Mais comme il faut quand même savoir rester sérieux, on ne se contentera pas de rigoler grassement sur un PDG — pardon, CEO — qui n’a rien trouvé de mieux pour asseoir sa crédibilité que de recruter une ex-star du X (mais peut-être a-t-elle aussi une fonction récréative au sein de l’entreprise ?) et on lira avec attention l’analyse d’un statisticien australien traduite par l’UPR, qui nous rappelle une fois de plus que même pour une start-up, produire de la richesse à partir de rien, ça finit toujours en gag.

Mise à jour 20h58 : Et ce soir le sketch continue puisque l’OMS annonce la reprise des essais cliniques sur l’hydroxychloroquine…

Mise à jour 5 juin : Et le feuilleton continue encore avec la rétractation de 3 des 4 auteurs, qui s’avouent incapables de vérifier les données… il ne reste plus que Sapan Desai, le fondateur de Surgisphere, pour tenter de sauver le navire en perdition !]



(article UPR)

Selon l’analyse très minutieuse d’un statisticien australien, L’ÉTUDE PUBLIÉE PAR LE “LANCET” CONTRE L’HYDROXYCHLOROQUINE EST PROBABLEMENT ENTIÈREMENT FALSIFIÉE.

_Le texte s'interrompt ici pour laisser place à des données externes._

(* Let $\mathbb B$ be a real separable Banach space and $(X_i)_{i\in\mathbb Z}$ a stationary sequence of centered $\mathbb B$-valued random variables with $\mathbb E\|X_0\|_{\mathbb B}^2<\infty$, adapted to a non-decreasing stationary filtration $(\mathcal F_i)$, with $S_n=X_1+\dots+X_n$. Assume (a) $\sum_{k\ge1}\gamma(k)<\infty$; (b) $n^{-1/2}S_n$ converges in distribution to a Gaussian $\mathbb B$-valued $G$ with covariance operator $K_G(x^*,y^* )=\sum_{k\in\mathbb Z}\mathrm{cov}(x^*(X_0),y^*(X_k))$; (c) $(\|S_n\|_{\mathbb B}^2/n)_{n\ge1}$ is uniformly integrable. Then for every symmetric continuous bilinear form $\varphi$ on $\mathbb B\times\mathbb B$, $$\mathbb E[\varphi(G,G)]=\mathbb E[\varphi(X_0,X_0)]+2\sum_{k\ge1}\mathbb E[\varphi(X_0,X_k)].$$
   Context: $\gamma(k)=\mathbb E\big(\sup_A|\mathbb E[A(X_0,X_k)\mid\mathcal F_0]|\big)$, the supremum being over all continuous bilinear forms $A$ on $\mathbb B\times\mathbb B$ with $\|A\|\le1$. *)

theory Defs
  imports "HOL-Probability.Probability"
begin

definition cont_bilinear_form :: "('b::real_normed_vector \<Rightarrow> 'b \<Rightarrow> real) \<Rightarrow> bool" where
  "cont_bilinear_form A \<longleftrightarrow> bounded_bilinear A"

definition bilin_norm_le1 :: "('b::real_normed_vector \<Rightarrow> 'b \<Rightarrow> real) \<Rightarrow> bool" where
  "bilin_norm_le1 A \<longleftrightarrow> cont_bilinear_form A \<and> (\<forall>x y. \<bar>A x y\<bar> \<le> norm x * norm y)"

definition Tpow :: "'a measure \<Rightarrow> ('a \<Rightarrow> 'a) \<Rightarrow> int \<Rightarrow> 'a \<Rightarrow> 'a" where
  "Tpow M T i = (if 0 \<le> i then T ^^ nat i else (inv_into (space M) T) ^^ nat (- i))"

text \<open>gamma(k) = E( sup_A |E[A(X_0,X_k) | F_0]| ), the supremum over the (uncountable) family
  of continuous bilinear forms of norm \<le> 1 being understood as the essential supremum;
  E(ess sup) is the infimum of E(Y) over measurable Y dominating every member a.s.\<close>
definition gamma_coef :: "'a measure \<Rightarrow> 'a measure \<Rightarrow> (int \<Rightarrow> 'a \<Rightarrow> 'b::real_normed_vector) \<Rightarrow> int \<Rightarrow> ennreal" where
  "gamma_coef M F0 X k =
     (INF Y \<in> {Y \<in> borel_measurable M. \<forall>A. bilin_norm_le1 A \<longrightarrow>
               (AE \<omega> in M. ennreal \<bar>real_cond_exp M F0 (\<lambda>\<omega>. A (X 0 \<omega>) (X k \<omega>)) \<omega>\<bar> \<le> Y \<omega>)}.
        \<integral>\<^sup>+ \<omega>. Y \<omega> \<partial>M)"

definition conv_in_distr :: "'a measure \<Rightarrow> (nat \<Rightarrow> 'a \<Rightarrow> 'b::metric_space) \<Rightarrow> 'b measure \<Rightarrow> bool" where
  "conv_in_distr M Z mu \<longleftrightarrow>
     (\<forall>f :: 'b \<Rightarrow> real. continuous_on UNIV f \<longrightarrow> bounded (range f) \<longrightarrow>
        ((\<lambda>n. \<integral>\<omega>. f (Z n \<omega>) \<partial>M) \<longlonglongrightarrow> (\<integral>x. f x \<partial>mu)))"

definition unif_integrable :: "'a measure \<Rightarrow> (nat \<Rightarrow> 'a \<Rightarrow> real) \<Rightarrow> bool" where
  "unif_integrable M Y \<longleftrightarrow> (\<forall>n. integrable M (Y n)) \<and>
     ((\<lambda>c. SUP n. \<integral>\<^sup>+ \<omega>. ennreal (indicator {\<omega>. \<bar>Y n \<omega>\<bar> > c} \<omega> * \<bar>Y n \<omega>\<bar>) \<partial>M)
        \<longlongrightarrow> 0) at_top"

text \<open>Gaussian (Borel) probability measure on a real normed space: every continuous linear functional
  has a (possibly degenerate) normal law.\<close>
definition gaussian_measure :: "'b::real_normed_vector measure \<Rightarrow> bool" where
  "gaussian_measure mu \<longleftrightarrow> prob_space mu \<and> sets mu = sets borel \<and>
     (\<forall>f :: 'b \<Rightarrow> real. bounded_linear f \<longrightarrow>
        (\<exists>m. distr mu borel f = return borel m) \<or>
        (\<exists>m \<sigma>. \<sigma> > 0 \<and> distr mu borel f = density lborel (normal_density m \<sigma>)))"

end

theory Submission
  imports Defs
begin

text \<open>
  Write c(k) = E \<phi>(X(0), X(k)). By stationarity and symmetry of \<phi>,
  E \<phi>(S(n), S(n)) = n c(0) + 2 \<Sum>m<n. \<Sum>k=1..m. c(k), so E \<phi>(S(n), S(n)) / n is c(0)
  plus twice a Cesaro mean of the partial sums of \<Sum>k\<ge>1. c(k); this series converges
  absolutely since |c(k)| \<le> \<parallel>\<phi>\<parallel> \<gamma>(k). On the other hand x \<mapsto> \<phi>(x, x) is continuous with
  quadratic growth: its truncations at level m are bounded and continuous, so convergence in
  distribution of S(n)/\<surd>n applies to them, and uniform integrability of \<parallel>S(n)\<parallel>^2/n makes the
  truncation error small uniformly in n. Hence E \<phi>(S(n), S(n)) / n also tends to E \<phi>(G, G).
\<close>

section \<open>Iterates of a measure-preserving map\<close>

lemma measurable_funpow: "T \<in> M \<rightarrow>\<^sub>M M \<Longrightarrow> T ^^ n \<in> M \<rightarrow>\<^sub>M M"
  by (induction n) (auto intro: measurable_comp)

lemma distr_funpow:
  assumes "T \<in> M \<rightarrow>\<^sub>M M" "distr M M T = M"
  shows "distr M M (T ^^ n) = M"
proof (induction n)
  case 0
  then show ?case by (simp add: distr_id2 id_def)
next
  case (Suc n)
  have "distr M M (T ^^ Suc n) = distr (distr M M (T ^^ n)) M T"
    using distr_distr[OF assms(1) measurable_funpow[OF assms(1)]] by (simp add: comp_def)
  then show ?case by (simp only: Suc assms(2))
qed

section \<open>Cesaro means and Toeplitz double sums\<close>

lemma cesaro_mean_tendsto:
  fixes s :: "nat \<Rightarrow> real"
  assumes "s \<longlonglongrightarrow> L"
  shows "(\<lambda>n. (\<Sum>m<n. s m) / real n) \<longlonglongrightarrow> L"
proof (rule LIMSEQ_I)
  fix r :: real assume "r > 0"
  then obtain N where N: "\<And>m. m \<ge> N \<Longrightarrow> \<bar>s m - L\<bar> < r / 2"
    using LIMSEQ_D[OF assms, of "r / 2"] by auto
  define C where "C = (\<Sum>m<N. \<bar>s m - L\<bar>)"
  obtain n0 where n0: "real n0 > 2 * C / r" using reals_Archimedean2 by blast
  show "\<exists>n1. \<forall>n\<ge>n1. norm ((\<Sum>m<n. s m) / real n - L) < r"
  proof (intro exI allI impI)
    fix n assume n: "n \<ge> max (Suc N) n0"
    then have "N \<le> n" "real n > 0" by auto
    have "\<bar>\<Sum>m<n. s m - L\<bar> \<le> (\<Sum>m<n. \<bar>s m - L\<bar>)"
      by (rule sum_abs)
    also have "\<dots> = C + (\<Sum>m\<in>{N..<n}. \<bar>s m - L\<bar>)"
      unfolding C_def using \<open>N \<le> n\<close> by (metis sum.atLeastLessThan_concat le0 lessThan_atLeast0)
    also have "(\<Sum>m\<in>{N..<n}. \<bar>s m - L\<bar>) \<le> (\<Sum>m\<in>{N..<n}. r / 2)"
      using N by (intro sum_mono) (auto intro: less_imp_le)
    also have "\<dots> \<le> r / 2 * real n"
      using \<open>r > 0\<close> \<open>N \<le> n\<close> by (simp add: of_nat_diff)
    also have "C < r / 2 * real n"
    proof -
      have "2 * C / r < real n" using n0 n by linarith
      then show ?thesis using \<open>r > 0\<close> by (simp add: divide_less_eq mult.commute)
    qed
    finally have "\<bar>\<Sum>m<n. s m - L\<bar> < r * real n" by simp
    moreover have "(\<Sum>m<n. s m) / real n - L = (\<Sum>m<n. s m - L) / real n"
      using \<open>real n > 0\<close> by (simp add: sum_subtractf field_simps)
    ultimately show "norm ((\<Sum>m<n. s m) / real n - L) < r"
      using \<open>real n > 0\<close> by (simp add: abs_divide pos_divide_less_eq)
  qed
qed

Nous publions ci-dessous la traduction (avec les réserves d’usage) des principaux extraits d’une analyse longue et minutieuse, réalisée par un blogueur australien, de l’étude publiée le 22 mai 2020 par le Lancet contre l’utilisation de l’hydroxychloroquine contre la Covid-19.

Cette analyse a été publiée hier, 30 mai 2020, par Peter Ellis, un statisticien professionnel australien, sur son blog qui a été récompensé comme faisant partie des 50 meilleurs blogs de statisticiens au monde.

Peter Ellis analyse de façon très précise les conditions absolument nécessaires pour qu’une étude scientifique puisse récolter plus de 96 000 dossiers médicaux dans 671 hôpitaux à travers le monde, et en un temps limité.

Comme c’est l’une de ses spécialités professionnelles, il attire l’attention du lecteur sur toute une série de conditions – de nature juridique, financière, organisationnelle, temporelle, etc. – qu’il serait impératif de réunir pour mener à bien une semblable opération qui n’a aucun précédent.

Or l’auteur, qui a étudié de très près la société Surgisphere qui est censée avoir procédé à cette opération en quelques semaines, grâce à un prétendu logiciel de traitement de données QuartzClinical, est formel : il s’agit d’une minuscule start-up – de 4 ou 5 salariés – qui n’a ni les ressources financières, ni la notoriété, ni les nombreuses équipes pluridisciplinaires, ni les références, ni aucune preuve de quelque nature que ce soit, qui permettrait de penser de façon rationnelle qu’elle a pu réaliser un pareil tour de force.

L’auteur – qui pointe aussi rapidement les incohérences et les impossibilités de l’article publié par le Lancet et qui découvre au passage que le PDG de Surgisphere, Sapan Desai, n’a pas hésité à se prévaloir de prétendus prix scientifiques qu’il n’a jamais obtenus – en conclut que l’explication la plus probable de l’étude publiée par The Lancet est qu’il s’agit d’une escroquerie et que les données statistiques qu’elle invoque sont entièrement inventées.

Si tel se révèle bien être le cas, il s’agit d’un scandale mondial.